:: YOUR TASK ::
Go through the material line by line. Say how many lines contain the word "expand", and give nothing more.

:: STUDY MATERIAL ::
|---|
lemma mulA_addA_right:
  assumes "finite (supp f)" "finite (supp g1)" "finite (supp g2)"
  shows "mulA th f (addA g1 g2) = addA (mulA th f g1) (mulA th f g2)"
proof
  fix c
  let ?T = "supp g1 \<union> supp g2"
  have expand: "mulA th f h c = (\<Sum>a\<in>supp f. \<Sum>b\<in>?T.
      if (\<lambda>k. a k + b k) = c then phase th a b * f a * h b else 0)" if "supp h \<subseteq> ?T" for h
    using assms that by (intro mulA_eq_sum) auto
  have "supp (addA g1 g2) \<subseteq> ?T" by (auto simp: addA_def)
  then show "mulA th f (addA g1 g2) c = addA (mulA th f g1) (mulA th f g2) c"
    by (simp add: expand addA_def sum.distrib[symmetric] distrib_left distrib_right if_add_if
        cong: if_cong)
qed

lemma mulA_smulA_left:
  assumes "finite (supp f)" "finite (supp g)"
  shows "mulA th (smulA x f) g = smulA x (mulA th f g)"
proof
  fix c
  have expand: "mulA th h g c = (\<Sum>a\<in>supp f. \<Sum>b\<in>supp g.
      if (\<lambda>k. a k + b k) = c then phase th a b * h a * g b else 0)" if "supp h \<subseteq> supp f" for h
    using assms that by (intro mulA_eq_sum) auto
  have "supp (smulA x f) \<subseteq> supp f" by (auto simp: smulA_def)
  then show "mulA th (smulA x f) g c = smulA x (mulA th f g) c"
    by (simp add: expand smulA_def sum_distrib_left if_distrib[of "(*) x"] mult_ac cong: if_cong)
qed

lemma mulA_smulA_right:
  assumes "finite (supp f)" "finite (supp g)"
  shows "mulA th f (smulA x g) = smulA x (mulA th f g)"
proof
  fix c
  have expand: "mulA th f h c = (\<Sum>a\<in>supp f. \<Sum>b\<in>supp g.
      if (\<lambda>k. a k + b k) = c then phase th a b * f a * h b else 0)" if "supp h \<subseteq> supp g" for h
    using assms that by (intro mulA_eq_sum) auto
  have "supp (smulA x g) \<subseteq> supp g" by (auto simp: smulA_def)
  then show "mulA th f (smulA x g) c = smulA x (mulA th f g) c"
    by (simp add: expand smulA_def sum_distrib_left if_distrib[of "(*) x"] mult_ac cong: if_cong)
qed

lemma mulA_sumA_left:
  assumes "finite S" "\<And>x. x \<in> S \<Longrightarrow> finite (supp (F x))" "finite (supp g)"
  shows "mulA th (sumA F S) g = sumA (\<lambda>x. mulA th (F x) g) S"
  using assms
  by (induction S rule: finite_induct)
    (simp_all add: sumA_empty sumA_insert mulA_addA_left finite_supp_sumA mulA_zeroA_left)

lemma mulA_sumA_right:
  assumes "finite S" "\<And>x. x \<in> S \<Longrightarrow> finite (supp (F x))" "finite (supp f)"
  shows "mulA th f (sumA F S) = sumA (\<lambda>x. mulA th f (F x)) S"
  using assms
  by (induction S rule: finite_induct)
    (simp_all add: sumA_empty sumA_insert mulA_addA_right finite_supp_sumA mulA_zeroA_right)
|---|
:: RESPONSE TO THIS TASK ::
6